Configuration best practices, including OS pinning, offline cache prep, and encoding normalization, are detailed for robust reproduction (Xu et al., 7 Nov 2025).

7. Implications and Prospects

SWE-Agent with Claude 4 Sonnet achieves competitive functional coverage in agentic coding benchmarks, often outperforming alternative agents in raw Pass@1 rates; yet, persistent security vulnerability in over 80% of generated correct outputs exposes critical limitations of current LLM agentic methods under the vibe coding paradigm (Zhao et al., 2 Dec 2025, Chen et al., 26 Sep 2025). Prompt engineering, even with precise task-specific CWE guidance, does not meaningfully mitigate insecurity. This suggests that future progress will require integration of first-class security objectives at the architectural or training level, potentially involving hybrid combinations of LLMs with traditional static/dynamic analysis tools or security-specific fine-tuning.
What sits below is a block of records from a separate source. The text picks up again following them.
lemma continuous_attains_global_inf:
  fixes f :: "'a::euclidean_space \<Rightarrow> real"
  assumes "continuous_on UNIV f" and "0 \<le> R" and "\<And>x. R < norm x \<Longrightarrow> f 0 \<le> f x"
  shows "\<exists>b. \<forall>y. f b \<le> f y"
proof -
  have "continuous_on (cball 0 R) f"
    using assms(1) by (rule continuous_on_subset) simp
  moreover have "cball 0 R \<noteq> {}"
    using assms(2) by simp
  ultimately obtain b where b: "b \<in> cball 0 R" "\<And>y. y \<in> cball 0 R \<Longrightarrow> f b \<le> f y"
    using continuous_attains_inf[OF compact_cball] by metis
  have "f b \<le> f y" for y
  proof (cases "y \<in> cball 0 R")
    case False
    then have "f b \<le> f 0" "f 0 \<le> f y"
      using b(2)[of 0] assms(2) assms(3)[of y] by auto
    then show ?thesis by simp
  qed (rule b(2))
  then show ?thesis by blast
qed

lemma LIMSEQ_if_subseq_subseq:
  fixes x :: "nat \<Rightarrow> 'a::topological_space"
  assumes "\<And>r::nat \<Rightarrow> nat. strict_mono r \<Longrightarrow> \<exists>s::nat \<Rightarrow> nat. strict_mono s \<and> (x \<circ> r \<circ> s) \<longlonglongrightarrow> l"
  shows "x \<longlonglongrightarrow> l"
proof (rule ccontr)
  assume "\<not> x \<longlonglongrightarrow> l"
  then obtain U where U: "open U" "l \<in> U" and "\<not> eventually (\<lambda>n. x n \<in> U) sequentially"
    unfolding tendsto_def by blast
  then have "infinite {n. x n \<notin> U}"
    by (simp add: not_eventually INFM_iff_infinite cofinite_eq_sequentially[symmetric])
  then obtain r :: "nat \<Rightarrow> nat" where r: "strict_mono r" "\<And>n. x (r n) \<notin> U"
    using infinite_enumerate by blast
  then obtain s where "(x \<circ> r \<circ> s) \<longlonglongrightarrow> l"
    using assms[OF r(1)] by blast
  then have "eventually (\<lambda>n. x (r (s n)) \<in> U) sequentially"
    using U by (auto dest: topological_tendstoD)
  then show False
    using r(2) by (auto simp: eventually_sequentially)
qed

subsection \<open>The penalized least squares problem\<close>

locale penalized_regression =
  fixes Y :: "real ^ 'n" and X :: "real ^ 'p ^ 'n" and M :: "'k::finite \<Rightarrow> real ^ 'p ^ 'p"
    and q :: "'k \<Rightarrow> real" and g :: "real \<Rightarrow> real"
  assumes g_nonneg: "\<And>x. 0 \<le> g x"
    and g_cont: "continuous_on {0..} g"
    and g_strict_convex: "strictly_convex_on UNIV (\<lambda>\<alpha>::real ^ 'n. g ((norm \<alpha>)\<^sup>2))"
    and ker: "\<And>\<beta>. (\<And>j. M j *v \<beta> = 0) \<Longrightarrow> \<beta> = 0"
    and q_ge1: "\<And>j. 1 \<le> q j"
begin

definition penalty :: "real ^ 'p \<Rightarrow> real" where
  "penalty \<beta> = (\<Sum>j\<in>UNIV. lq_norm (q j) (M j *v \<beta>))"

lemma penalty_nonneg: "0 \<le> penalty \<beta>"
  unfolding penalty_def by (simp add: sum_nonneg lq_norm_nonneg)

lemma penalty_scaleR: "penalty (c *\<^sub>R \<beta>) = \<bar>c\<bar> * penalty \<beta>"
  unfolding penalty_def by (simp add: matrix_vector_mult_scaleR lq_norm_scaleR q_ge1 sum_distrib_left)

lemma continuous_on_penalty: "continuous_on UNIV penalty"
  unfolding penalty_def
  by (intro continuous_on_sum continuous_on_compose2[OF continuous_on_lq_norm[OF q_ge1]]
      linear_continuous_on matrix_vector_mul_bounded_linear) auto

lemma penalty_pos:
  assumes "\<beta> \<noteq> 0"
  shows "0 < penalty \<beta>"
proof -
  obtain j where j: "M j *v \<beta> \<noteq> 0"
    using ker assms by blast
  then have "0 < lq_norm (q j) (M j *v \<beta>)"
    using lq_norm_eq_0_iff[OF q_ge1] lq_norm_nonneg by (metis order_le_less)
  also have "\<dots> \<le> penalty \<beta>"
    unfolding penalty_def by (rule member_le_sum) (auto simp: lq_norm_nonneg)
  finally show ?thesis .
qed

lemma penalty_coercive:
  obtains c where "0 < c" "\<And>\<beta>. c * norm \<beta> \<le> penalty \<beta>"
proof -
  have "continuous_on (sphere 0 1) penalty"
    using continuous_on_penalty by (rule continuous_on_subset) simp
  moreover have "sphere (0::real ^ 'p) 1 \<noteq> {}"
    by simp
  ultimately obtain u0 where u0: "u0 \<in> sphere 0 1" "\<And>u. u \<in> sphere 0 1 \<Longrightarrow> penalty u0 \<le> penalty u"
    using continuous_attains_inf[OF compact_sphere] by metis
  have "penalty u0 * norm \<beta> \<le> penalty \<beta>" for \<beta>
  proof (cases "\<beta> = 0")
    case False
    have "penalty u0 * norm \<beta> \<le> penalty ((1 / norm \<beta>) *\<^sub>R \<beta>) * norm \<beta>"
      using u0(2)[of "(1 / norm \<beta>) *\<^sub>R \<beta>"] False by (simp add: mult_right_mono)
    also have "\<dots> = penalty \<beta>"
      using False by (simp add: penalty_scaleR)
    finally show ?thesis .
  qed (simp add: penalty_nonneg)
  moreover have "0 < penalty u0"
    using u0(1) by (intro penalty_pos) auto
  ultimately show ?thesis
    using that by blast
qed

abbreviation objective :: "real ^ 'k \<Rightarrow> real ^ 'p \<Rightarrow> real" where
  "objective \<equiv> pen_obj g Y X M q"

abbreviation minimizer :: "real ^ 'k \<Rightarrow> real ^ 'p \<Rightarrow> bool" where
  "minimizer \<equiv> is_minimizer g Y X M q"

lemma objective_ge_penalty:
  assumes "0 \<le> m" and "\<And>j. m \<le> lam $ j"
  shows "m * penalty \<beta> \<le> objective lam \<beta>"
proof -
  have "m * penalty \<beta> = (\<Sum>j\<in>UNIV. m * lq_norm (q j) (M j *v \<beta>))"
    by (simp add: penalty_def sum_distrib_left)
  also have "\<dots> \<le> (\<Sum>j\<in>UNIV. lam $ j * lq_norm (q j) (M j *v \<beta>))"
    by (intro sum_mono mult_right_mono) (auto simp: assms lq_norm_nonneg)
  also have "\<dots> \<le> objective lam \<beta>"
    unfolding pen_obj_def using g_nonneg by simp
  finally show ?thesis .
qed

lemma objective_zero: "objective lam 0 = g ((norm Y)\<^sup>2)"
  unfolding pen_obj_def by (simp add: lq_norm_def q_ge1)

lemma tendsto_objective:
  assumes "(lam \<longlongrightarrow> lam0) F" and "(\<beta> \<longlongrightarrow> \<beta>0) F"
  shows "((\<lambda>x. objective (lam x) (\<beta> x)) \<longlongrightarrow> objective lam0 \<beta>0) F"
  unfolding pen_obj_def
proof (intro tendsto_add tendsto_sum tendsto_mult)
  have "((\<lambda>x. (norm (Y - X *v \<beta> x))\<^sup>2) \<longlongrightarrow> (norm (Y - X *v \<beta>0))\<^sup>2) F"
    by (intro tendsto_intros bounded_linear.tendsto[OF matrix_vector_mul_bounded_linear] assms)
  then show "((\<lambda>x. g ((norm (Y - X *v \<beta> x))\<^sup>2)) \<longlongrightarrow> g ((norm (Y - X *v \<beta>0))\<^sup>2)) F"
    by (rule continuous_on_tendsto_compose[OF g_cont]) auto
  fix j
  show "((\<lambda>x. lam x $ j) \<longlongrightarrow> lam0 $ j) F"
    by (intro tendsto_intros assms)
  have "((\<lambda>x. M j *v \<beta> x) \<longlongrightarrow> M j *v \<beta>0) F"
    by (intro bounded_linear.tendsto[OF matrix_vector_mul_bounded_linear] assms)
  then show "((\<lambda>x. lq_norm (q j) (M j *v \<beta> x)) \<longlongrightarrow> lq_norm (q j) (M j *v \<beta>0)) F"
    by (rule continuous_on_tendsto_compose[OF continuous_on_lq_norm[OF q_ge1]]) auto
qed

lemma minimizer_exists:
  assumes "\<And>j. 0 < lam $ j"
  shows "\<exists>\<beta>. minimizer lam \<beta>"
proof -
  obtain c where c: "0 < c" "\<And>\<beta>. c * norm \<beta> \<le> penalty \<beta>"
    using penalty_coercive by blast
  define m where "m = Min (range (\<lambda>j. lam $ j))"
  have m: "0 < m" "\<And>j. m \<le> lam $ j"
    using assms by (auto simp: m_def)
  define R where "R = g ((norm Y)\<^sup>2) / (m * c)"
  have "objective lam 0 \<le> objective lam \<beta>" if "R < norm \<beta>" for \<beta>
  proof -
    have "objective lam 0 = m * c * R"
      using m c by (simp add: objective_zero R_def)
    also have "\<dots> \<le> m * (c * norm \<beta>)"
      using that m c by simp
    also have "\<dots> \<le> m * penalty \<beta>"
      using m c by (intro mult_left_mono) auto
    also have "\<dots> \<le> objective lam \<beta>"
      using m by (intro objective_ge_penalty) auto
    finally show ?thesis .
  qed
  moreover have "continuous_on UNIV (objective lam)"
    unfolding continuous_on_def by (intro ballI tendsto_objective tendsto_const tendsto_ident_at)
  moreover have "0 \<le> R"
    using g_nonneg m c by (simp add: R_def)
  ultimately show ?thesis
    unfolding is_minimizer_def using continuous_attains_global_inf by blast
qed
SWE-Agent’s modular orchestration loop and extensible ACI maintain its relevance as an empirical testbed for evaluating and hardening agentic workflows under evolving model backends, such as Claude 4 Sonnet. These findings motivate ongoing research into agent-aligned software security, the limits of prompt-driven risk mitigation, and the design of secure automated code-generation pipelines for deployment in security-sensitive domains (Zhao et al., 2 Dec 2025, Chen et al., 26 Sep 2025, Xu et al., 7 Nov 2025, Yang et al., 6 May 2024).